The following data has a line with "by (simp add: le_nat_iff" and a line with "using J by (simp". Write out exactly those lines and all the lines between them.

(Saved data entries)

==========

(* Let $X\in\mathbb{R}^d$ be a random vector with mean $\theta_0$ and covariance matrix $\Sigma_0$, and assume (A1): $\Sigma_0$ is a finite covariance matrix of full rank $d$. Let $X_1,\dots,X_n$ ($n>d$) be independent copies of $X$, $\Theta_n$ the interior of their convex hull, $\tilde\theta$ the sample mean and $l(\theta)$ the empirical log-likelihood ratio for the mean. Let $h_n^C:\Theta_n\to\mathbb{R}^d$ be the composite similarity mapping $h_n^C(\theta)=\tilde\theta+\bigl(1+\frac{l(\theta)}{2n}\bigr)(\theta-\tilde\theta)$, which is a bijection onto $\mathbb{R}^d$, and let $h_n^{-C}:\mathbb{R}^d\to\Theta_n$ denote its inverse. Set $\theta_0'=h_n^{-C}(\theta_0)$. Then (i) $\theta_0'$ lies on the line segment $[\tilde\theta,\theta_0]$ joining $\tilde\theta$ and $\theta_0$; and (ii) $\theta_0'-\theta_0=O_p(n^{-3/2})$ as $n\to\infty$.
   Context: For $\theta\in\mathbb{R}^d$, the empirical likelihood ratio is $R(\theta)=\sup\{\prod_{i=1}^n nw_i : \sum_{i=1}^n w_i(X_i-\theta)=0,\ w_i\ge 0,\ \sum_{i=1}^n w_i=1\}$, and $l(\theta)=-2\log R(\theta)$; $l$ is finite exactly on $\Theta_n$ and $l(\tilde\theta)=0$. Standing convention: whenever (A1) is assumed, the convex hull of $X_1,\dots,X_n$ is understood to be nondegenerate (this holds with probability one). *)

theory Defs
  imports "HOL-Analysis.Analysis" "HOL-Probability.Probability"
begin

text \<open>Sample points are given as a family x :: nat => real^'d, the sample of size n
being x 0, ..., x (n-1).\<close>

definition smean :: "(nat \<Rightarrow> real^'d) \<Rightarrow> nat \<Rightarrow> real^'d" where
  "smean x n = (1 / real n) *\<^sub>R (\<Sum>i<n. x i)"

definition Theta_n :: "(nat \<Rightarrow> real^'d) \<Rightarrow> nat \<Rightarrow> (real^'d) set" where
  "Theta_n x n = interior (convex hull (x ` {..<n}))"

definition ELR :: "(nat \<Rightarrow> real^'d) \<Rightarrow> nat \<Rightarrow> real^'d \<Rightarrow> real" where
  "ELR x n \<theta> = Sup {(\<Prod>i<n. real n * w i) | w :: nat \<Rightarrow> real.
      (\<forall>i<n. w i \<ge> 0) \<and> (\<Sum>i<n. w i) = 1 \<and> (\<Sum>i<n. w i *\<^sub>R (x i - \<theta>)) = 0}"

text \<open>Empirical log-likelihood ratio l(theta) = -2 log R(theta) (used only on Theta_n).\<close>
definition ELL :: "(nat \<Rightarrow> real^'d) \<Rightarrow> nat \<Rightarrow> real^'d \<Rightarrow> real" where
  "ELL x n \<theta> = - 2 * ln (ELR x n \<theta>)"

definition hC :: "(nat \<Rightarrow> real^'d) \<Rightarrow> nat \<Rightarrow> real^'d \<Rightarrow> real^'d" where
  "hC x n \<theta> = smean x n + (1 + ELL x n \<theta> / (2 * real n)) *\<^sub>R (\<theta> - smean x n)"

definition hC_inv :: "(nat \<Rightarrow> real^'d) \<Rightarrow> nat \<Rightarrow> real^'d \<Rightarrow> real^'d" where
  "hC_inv x n y = (THE \<theta>. \<theta> \<in> Theta_n x n \<and> hC x n \<theta> = y)"

end

theory Submission
  imports Defs
begin
lemma extension_vertex_after_flips:
  assumes v: "v < n" "v \<notin> S" and S: "S \<subseteq> {0..<n}" and "1 \<le> t"
    and f: "\<And>U. U \<subseteq> S \<Longrightarrow> card U = t - 1 \<Longrightarrow>
              f U < n \<and> f U \<notin> S \<and> \<not> adj G (f U) v \<and> realizes G S (f U) U"
  shows "extension_vertex t n
           (G \<union> star v (f ` {U. U \<subseteq> S \<and> card U = t - 1 \<and> (insert v U \<in> theta t n G \<longleftrightarrow> U \<notin> T)}))
           S T v"
  unfolding extension_vertex_def
proof (intro allI impI)
  fix U assume "U \<subseteq> S" "card U = t - 1"
  with assms show "insert v U \<in> theta t n (G \<union> star v (f ` {U. U \<subseteq> S \<and> card U = t - 1 \<and>
      (insert v U \<in> theta t n G \<longleftrightarrow> U \<notin> T)})) \<longleftrightarrow> U \<in> T"
    by (subst insert_in_theta_add_star_iff) auto
qed

text \<open>
  Every configuration \<open>Ob\<close> of the edges from \<open>v\<close> to \<open>R\<close> that avoids the witness
  edges \<open>Y\<close> is completed to an extending one by adding the witness edges of the
  wrongly oriented sets; this completion is injective.
\<close>

lemma card_extension_configurations_ge:
  assumes v: "v < n" "v \<notin> S" "v \<notin> R" and S: "S \<subseteq> {0..<n}" and R: "R \<subseteq> {0..<n}"
    and "S \<inter> R = {}" "1 \<le> t" and A: "A \<inter> star v R = {}"
    and f: "\<And>U. U \<subseteq> S \<Longrightarrow> card U = t - 1 \<Longrightarrow> f U \<in> R \<and> realizes A S (f U) U"
  shows "2 ^ card (star v R - star v (f ` {U. U \<subseteq> S \<and> card U = t - 1}))
    \<le> card {C \<in> Pow (star v R). extension_vertex t n (A \<union> C) S T v}"
proof -
  let ?Y = "star v (f ` {U. U \<subseteq> S \<and> card U = t - 1})"
  define flips where "flips Ob = star v (f ` {U. U \<subseteq> S \<and> card U = t - 1 \<and>
      (insert v U \<in> theta t n (A \<union> Ob) \<longleftrightarrow> U \<notin> T)})" for Ob
  have flips_Y: "flips Ob \<subseteq> ?Y" for Ob
    unfolding flips_def star_def by blast
  have Y_star: "?Y \<subseteq> star v R"
    using f unfolding star_def by blast
  have inj: "inj_on (\<lambda>Ob. Ob \<union> flips Ob) (Pow (star v R - ?Y))"
  proof (rule inj_onI)
    fix Ob Ob' assume "Ob \<in> Pow (star v R - ?Y)" "Ob' \<in> Pow (star v R - ?Y)"
      and "Ob \<union> flips Ob = Ob' \<union> flips Ob'"
    then show "Ob = Ob'" using flips_Y[of Ob] flips_Y[of Ob'] by blast
  qed
  have "Ob \<union> flips Ob \<in> {C \<in> Pow (star v R). extension_vertex t n (A \<union> C) S T v}"
    if Ob: "Ob \<subseteq> star v R - ?Y" for Ob
  proof -
    have "f U < n \<and> f U \<notin> S \<and> \<not> adj (A \<union> Ob) (f U) v \<and> realizes (A \<union> Ob) S (f U) U"
      if U: "U \<subseteq> S" "card U = t - 1" for U
    proof -
      have fU: "f U \<in> R" "realizes A S (f U) U" using f[OF U] by auto
      have "{v, f U} \<in> ?Y" using U unfolding star_def by blast
      then have "\<not> adj (A \<union> Ob) (f U) v"
        using A Ob Y_star by (auto simp: adj_def insert_commute)
      moreover have "realizes (A \<union> Ob) S (f U) U"
        using realizes_Un_star_iff[of Ob v R "f U" S A U] Ob fU v by auto
      ultimately show ?thesis using fU(1) R \<open>S \<inter> R = {}\<close> by auto
    qed
    then have "extension_vertex t n (A \<union> Ob \<union> flips Ob) S T v"
      unfolding flips_def using v S \<open>1 \<le> t\<close> by (intro extension_vertex_after_flips) auto
    moreover have "flips Ob \<subseteq> star v R" using flips_Y Y_star by blast
    ultimately show ?thesis using Ob by (auto simp: Un_assoc)
  qed
  moreover have fin: "finite (star v R)" using R finite_subset finite_star by blast
  ultimately have "card (Pow (star v R - ?Y)) \<le> card {C \<in> Pow (star v R). extension_vertex t n (A \<union> C) S T v}"
    by (intro card_inj_on_le[OF inj]) auto
  then show ?thesis using fin by (simp add: card_Pow)
qed
(* Let $C_0$ be an uncountable subset of $\omega_1$ and for each $\alpha\in C_0$ let $\rho_\alpha,\omega_\alpha:[0,\infty)\to[0,\infty)$ be increasing functions with $\rho_\alpha(t)\le\omega_\alpha(t)$ for all $t\ge0$ and $\lim_{t\to\infty}\rho_\alpha(t)=\infty$. Then there exist increasing functions $\rho,\omega:[0,\infty)\to[0,\infty)$ and a decreasing sequence $C_0\supset C_1\supset C_2\supset\cdots$ of uncountable subsets of $\omega_1$ such that (i) $\rho(t)\le\omega(t)$ for all $t\ge0$ and $\lim_{t\to\infty}\rho(t)=\infty$; (ii) for all $k\in\mathbb{N}$, all $\alpha\in C_k$ and all $0\le t\le k$ we have $\rho(t)\le\rho_\alpha(t)$ and $\omega_\alpha(t)\le\omega(t)$. *)

theory Defs
  imports Complex_Main "HOL-Library.Countable_Set"
begin

text \<open>The first uncountable ordinal omega_1, realised as the field of the
  canonical well-order cardSuc natLeq (the successor cardinal of aleph_0),
  whose order type is omega_1.\<close>
definition omega1 :: "nat set set" where
  "omega1 = Field (cardSuc natLeq)"

definition incr_nonneg :: "(real \<Rightarrow> real) \<Rightarrow> bool" where
  "incr_nonneg f \<longleftrightarrow> mono_on {0..} f \<and> (\<forall>t\<ge>0. f t \<ge> 0)"

end

theory Submission
  imports Defs
begin

text \<open>Fix a stage k. Since each \<rho>_\<alpha> is unbounded, every \<alpha> eventually (in n) satisfies
  n \<ge> k, \<rho>_\<alpha>(n) \<ge> k and \<omega>_\<alpha>(k) \<le> n. An uncountable set is not a countable union of
  countable sets, so a single threshold N_k works for uncountably many \<alpha>; iterating gives
  C_0 \<supseteq> C_1 \<supseteq> ... with thresholds N_k \<ge> k valid on C_k. The envelopes are step functions
  of the thresholds: \<rho>(t) is the largest j \<ge> 1 with N_j \<le> t (or 0), and
  \<omega>(t) = t + N_0 + ... + N_(\<lceil>t\<rceil>+1).\<close>

lemma uncountable_eventually_common_index:
  assumes "uncountable C"
    and "\<And>\<alpha>. \<alpha> \<in> C \<Longrightarrow> eventually (P \<alpha>) sequentially"
  shows "\<exists>n. uncountable {\<alpha>\<in>C. P \<alpha> n}"
proof (rule ccontr)
  assume "\<nexists>n. uncountable {\<alpha>\<in>C. P \<alpha> n}"
  then have "countable (\<Union>N. {\<alpha>\<in>C. \<forall>n\<ge>N. P \<alpha> n})"
    by (intro countable_UN) (auto intro: countable_subset[rotated])
  moreover have "C \<subseteq> (\<Union>N. {\<alpha>\<in>C. \<forall>n\<ge>N. P \<alpha> n})"
    using assms(2) by (auto simp: eventually_sequentially)
  ultimately show False
    using assms(1) countable_subset by blast
qed

lemma uncountable_refinement_sequence:
  fixes C0 :: "'a set" and P :: "nat \<Rightarrow> 'a \<Rightarrow> nat \<Rightarrow> bool"
  assumes "uncountable C0"
    and "\<And>k \<alpha>. \<alpha> \<in> C0 \<Longrightarrow> eventually (P k \<alpha>) sequentially"
  shows "\<exists>(C :: nat \<Rightarrow> 'a set) (N :: nat \<Rightarrow> nat). C 0 = C0 \<and> (\<forall>k. C (Suc k) \<subseteq> C k) \<and>
           (\<forall>k. uncountable (C k)) \<and> (\<forall>k>0. \<forall>\<alpha>\<in>C k. P k \<alpha> (N k))"
proof -
  define index where "index k D = (SOME n. uncountable {\<alpha>\<in>D. P k \<alpha> n})" for k D
  define C where "C = rec_nat C0 (\<lambda>k D. {\<alpha>\<in>D. P (Suc k) \<alpha> (index (Suc k) D)})"
  define N where "N k = index k (C (k - 1))" for k
  have C_Suc: "C (Suc k) = {\<alpha>\<in>C k. P (Suc k) \<alpha> (N (Suc k))}" for k
    by (simp add: C_def N_def)
  have "C k \<subseteq> C0 \<and> uncountable (C k)" for k
  proof (induction k)
    case 0
    show ?case using assms(1) by (simp add: C_def)
  next
    case (Suc k)
    have "\<exists>n. uncountable {\<alpha>\<in>C k. P (Suc k) \<alpha> n}"
      using Suc assms(2) by (intro uncountable_eventually_common_index) auto
    then have "uncountable {\<alpha>\<in>C k. P (Suc k) \<alpha> (index (Suc k) (C k))}"
      unfolding index_def by (rule someI_ex)
    then show ?case using Suc by (auto simp: C_Suc N_def)
  qed
  moreover have "\<forall>k>0. \<forall>\<alpha>\<in>C k. P k \<alpha> (N k)"
    by (metis (no_types, lifting) C_Suc gr0_conv_Suc mem_Collect_eq)
  moreover have "C (Suc k) \<subseteq> C k" for k
    unfolding C_Suc by blast
  moreover have "C 0 = C0"
    by (simp add: C_def)
  ultimately show ?thesis
    by blast
qed

lemma eventually_at_top_real_sequentially:
  fixes r :: "real \<Rightarrow> real"
  assumes "filterlim r at_top at_top"
  shows "eventually (\<lambda>n. m \<le> n \<and> a \<le> r (real n) \<and> c \<le> real n) sequentially"
proof -
  have "filterlim (\<lambda>n. r (real n)) at_top sequentially"
    by (rule filterlim_compose[OF assms filterlim_real_sequentially])
  then have "eventually (\<lambda>n. a \<le> r (real n)) sequentially"
    by (simp add: filterlim_at_top)
  moreover have "eventually (\<lambda>n. c \<le> real n) sequentially"
    using filterlim_real_sequentially by (simp add: filterlim_at_top)
  ultimately show ?thesis
    by (intro eventually_conj eventually_ge_at_top)
qed

lemma incr_nonneg_mono:
  assumes "incr_nonneg f" and "0 \<le> s" "s \<le> t"
  shows "f s \<le> f t"
proof -
  have "mono_on {0..} f"
    using assms(1) by (simp add: incr_nonneg_def)
  then show ?thesis
    by (rule mono_onD) (use assms(2,3) in simp_all)
qed

definition threshold_minorant :: "(nat \<Rightarrow> nat) \<Rightarrow> real \<Rightarrow> real" where
  "threshold_minorant N t = real (Max (insert 0 {j. 0 < j \<and> real (N j) \<le> t}))"

text \<open>The sum runs up to \<lceil>t\<rceil> + 1 so that it contains N_1 even at t = 0.\<close>

definition threshold_majorant :: "(nat \<Rightarrow> nat) \<Rightarrow> real \<Rightarrow> real" where
  "threshold_majorant N t = t + (\<Sum>j\<le>Suc (nat \<lceil>t\<rceil>). real (N j))"

lemma finite_threshold_indices:
  assumes "\<forall>j>0. j \<le> N j"
  shows "finite {j. 0 < j \<and> real (N j) \<le> t}"
proof (rule finite_subset)
  show "{j. 0 < j \<and> real (N j) \<le> t} \<subseteq> {..nat \<lceil>t\<rceil>}"
  proof
    fix j assume "j \<in> {j. 0 < j \<and> real (N j) \<le> t}"
    then have "j \<le> N j" "real (N j) \<le> t"
      using assms by auto
    then have "real j \<le> t"
      by (rule order_trans[OF of_nat_mono])
    then show "j \<in> {..nat \<lceil>t\<rceil>}"
      by (simp add: le_nat_iff le_ceiling_iff)
  qed
qed simp

lemma threshold_minorant_cases:
  assumes "\<forall>j>0. j \<le> N j"
  obtains (zero) "threshold_minorant N t = 0"
  | (index) J where "threshold_minorant N t = real J" "0 < J" "real (N J) \<le> t"
proof -
  have "Max (insert 0 {j. 0 < j \<and> real (N j) \<le> t}) \<in> insert 0 {j. 0 < j \<and> real (N j) \<le> t}"
    using finite_threshold_indices[OF assms] by (intro Max_in) auto
  then show ?thesis
  proof
    assume "Max (insert 0 {j. 0 < j \<and> real (N j) \<le> t}) \<in> {j. 0 < j \<and> real (N j) \<le> t}"
    then show ?thesis using that(2) by (simp add: threshold_minorant_def)
  qed (use that(1) in \<open>simp add: threshold_minorant_def\<close>)
qed

lemma threshold_minorant_le:
  assumes "\<forall>j>0. j \<le> N j" and "0 \<le> t"
  shows "threshold_minorant N t \<le> t"
proof (rule threshold_minorant_cases[OF assms(1), of t])
  fix J assume J: "threshold_minorant N t = real J" "0 < J" "real (N J) \<le> t"
  have "J \<le> N J"
    using assms(1) J(2) by simp
  then show ?thesis
    using J by (simp add: order_trans[OF of_nat_mono])
qed (use assms(2) in linarith)

lemma incr_nonneg_threshold_minorant:
  assumes "\<forall>j>0. j \<le> N j"
  shows "incr_nonneg (threshold_minorant N)"
  unfolding incr_nonneg_def
proof
  show "mono_on {0..} (threshold_minorant N)"
  proof (rule mono_onI)
    fix s t :: real assume "s \<le> t"
    then have "Max (insert 0 {j. 0 < j \<and> real (N j) \<le> s}) \<le> Max (insert 0 {j. 0 < j \<and> real (N j) \<le> t})"
      using finite_threshold_indices[OF assms] by (intro Max_mono) auto
    then show "threshold_minorant N s \<le> threshold_minorant N t"
      by (simp add: threshold_minorant_def)
  qed
qed (simp add: threshold_minorant_def)

lemma threshold_minorant_at_top:
  assumes "\<forall>j>0. j \<le> N j"
  shows "filterlim (threshold_minorant N) at_top at_top"
  unfolding filterlim_at_top
proof
  fix Z :: real
  define j where "j = Suc (nat \<lceil>Z\<rceil>)"
  have "Z \<le> real j"
    unfolding j_def by (smt (verit) of_nat_Suc real_nat_ceiling_ge)
  moreover have "real j \<le> threshold_minorant N t" if "real (N j) \<le> t" for t
  proof -
    have "j \<in> {j. 0 < j \<and> real (N j) \<le> t}"
      using that by (simp add: j_def)
    then show ?thesis
      using finite_threshold_indices[OF assms] by (simp add: threshold_minorant_def)
  qed
  ultimately show "eventually (\<lambda>t. Z \<le> threshold_minorant N t) at_top"
    by (auto intro: order_trans eventually_mono[OF eventually_ge_at_top])
qed

lemma threshold_minorant_le_incr_nonneg:
  assumes "\<forall>j>0. j \<le> N j" and "incr_nonneg f" and "0 \<le> t" "t \<le> real k"
    and "\<And>j. 0 < j \<Longrightarrow> j \<le> k \<Longrightarrow> real j \<le> f (real (N j))"
  shows "threshold_minorant N t \<le> f t"
proof (cases rule: threshold_minorant_cases[OF assms(1), of t, case_names zero index])
  case zero
  have "0 \<le> f t" using assms(2,3) by (simp add: incr_nonneg_def)
  then show ?thesis using zero by linarith
next
  case (index J)
  have "J \<le> N J" using assms(1) index(2) by simp
  then have "real J \<le> t" using index(3) by (rule order_trans[OF of_nat_mono])
  then have "J \<le> k" using assms(4) by linarith
  then have "real J \<le> f (real (N J))" using assms(5) index(2) by blast
  also have "\<dots> \<le> f t"
    using index(3) by (intro incr_nonneg_mono[OF assms(2)]) simp_all
  finally show ?thesis using index(1) by linarith
qed

lemma incr_nonneg_threshold_majorant: "incr_nonneg (threshold_majorant N)"
  unfolding incr_nonneg_def
proof
  show "mono_on {0..} (threshold_majorant N)"
  proof (rule mono_onI)
    fix s t :: real assume "s \<le> t"
    then have "nat \<lceil>s\<rceil> \<le> nat \<lceil>t\<rceil>"
      by (intro nat_mono ceiling_mono)
    then have "(\<Sum>j\<le>Suc (nat \<lceil>s\<rceil>). real (N j)) \<le> (\<Sum>j\<le>Suc (nat \<lceil>t\<rceil>). real (N j))"
      by (intro sum_mono2) auto
    then show "threshold_majorant N s \<le> threshold_majorant N t"
      using \<open>s \<le> t\<close> by (simp add: threshold_majorant_def)
  qed
qed (simp add: threshold_majorant_def sum_nonneg)

lemma le_threshold_majorant: "0 \<le> t \<Longrightarrow> t \<le> threshold_majorant N t"
  by (simp add: threshold_majorant_def sum_nonneg)

lemma mono_on_le_threshold_majorant:
  assumes "mono_on {0..} f" and "0 \<le> t" "t \<le> real k" "0 < k"
    and "\<And>j. 0 < j \<Longrightarrow> j \<le> k \<Longrightarrow> f (real j) \<le> real (N j)"
  shows "f t \<le> threshold_majorant N t"
proof -
  define j where "j = max 1 (nat \<lceil>t\<rceil>)"
  have "t \<le> real (nat \<lceil>t\<rceil>)"
    by (rule real_nat_ceiling_ge)
  also have "\<dots> \<le> real j"
    by (simp add: j_def)
  finally have "t \<le> real j" .
  moreover have "j \<le> k"
    using assms(3,4) by (simp add: j_def nat_le_iff ceiling_le_iff)
  ultimately have "f t \<le> f (real j)"
    by (intro mono_onD[OF assms(1)]) (use assms(2) in simp_all)
  also have "\<dots> \<le> real (N j)"
    using assms(5) \<open>j \<le> k\<close> by (simp add: j_def)
  also have "\<dots> \<le> (\<Sum>i\<le>Suc (nat \<lceil>t\<rceil>). real (N i))"
  proof (rule member_le_sum)
    have "max 1 n \<le> Suc n" for n :: nat
      by simp
    then show "j \<in> {..Suc (nat \<lceil>t\<rceil>)}"
      unfolding j_def by blast
  qed simp_all
  also have "\<dots> \<le> threshold_majorant N t"
    using assms(2) by (simp add: threshold_majorant_def)
  finally show ?thesis .
qed

lemma threshold_envelopes:
  assumes "\<forall>j>0. j \<le> N j"
  shows "incr_nonneg (threshold_minorant N)" "incr_nonneg (threshold_majorant N)"
    "\<forall>t\<ge>0. threshold_minorant N t \<le> threshold_majorant N t"
    "filterlim (threshold_minorant N) at_top at_top"
proof -
  show "incr_nonneg (threshold_minorant N)"
    by (rule incr_nonneg_threshold_minorant[OF assms])
  show "incr_nonneg (threshold_majorant N)"
    by (rule incr_nonneg_threshold_majorant)
  show "filterlim (threshold_minorant N) at_top at_top"
    by (rule threshold_minorant_at_top[OF assms])
  show "\<forall>t\<ge>0. threshold_minorant N t \<le> threshold_majorant N t"
  proof (intro allI impI)
    fix t :: real assume "0 \<le> t"
    then show "threshold_minorant N t \<le> threshold_majorant N t"
      using threshold_minorant_le[OF assms] le_threshold_majorant[of t N] by (meson order_trans)
  qed
qed

lemma threshold_envelope_bounds:
  assumes "\<forall>j>0. j \<le> N j" and "incr_nonneg r" "incr_nonneg w"
    and "0 < k" "0 \<le> t" "t \<le> real k"
    and "\<And>j. 0 < j \<Longrightarrow> j \<le> k \<Longrightarrow> real j \<le> r (real (N j)) \<and> w (real j) \<le> real (N j)"
  shows "threshold_minorant N t \<le> r t \<and> w t \<le> threshold_majorant N t"
proof
  show "threshold_minorant N t \<le> r t"
    by (rule threshold_minorant_le_incr_nonneg[OF assms(1,2,5,6)]) (simp add: assms(7))
  have "mono_on {0..} w"
    using assms(3) by (simp add: incr_nonneg_def)
  then show "w t \<le> threshold_majorant N t"
    by (rule mono_on_le_threshold_majorant[OF _ assms(5,6,4)]) (simp add: assms(7))
qed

==========

Result of the exercise:
      by (simp add: le_nat_iff le_ceiling_iff)
  qed
qed simp

lemma threshold_minorant_cases:
  assumes "\<forall>j>0. j \<le> N j"
  obtains (zero) "threshold_minorant N t = 0"
  | (index) J where "threshold_minorant N t = real J" "0 < J" "real (N J) \<le> t"
proof -
  have "Max (insert 0 {j. 0 < j \<and> real (N j) \<le> t}) \<in> insert 0 {j. 0 < j \<and> real (N j) \<le> t}"
    using finite_threshold_indices[OF assms] by (intro Max_in) auto
  then show ?thesis
  proof
    assume "Max (insert 0 {j. 0 < j \<and> real (N j) \<le> t}) \<in> {j. 0 < j \<and> real (N j) \<le> t}"
    then show ?thesis using that(2) by (simp add: threshold_minorant_def)
  qed (use that(1) in \<open>simp add: threshold_minorant_def\<close>)
qed

lemma threshold_minorant_le:
  assumes "\<forall>j>0. j \<le> N j" and "0 \<le> t"
  shows "threshold_minorant N t \<le> t"
proof (rule threshold_minorant_cases[OF assms(1), of t])
  fix J assume J: "threshold_minorant N t = real J" "0 < J" "real (N J) \<le> t"
  have "J \<le> N J"
    using assms(1) J(2) by simp
  then show ?thesis
    using J by (simp add: order_trans[OF of_nat_mono])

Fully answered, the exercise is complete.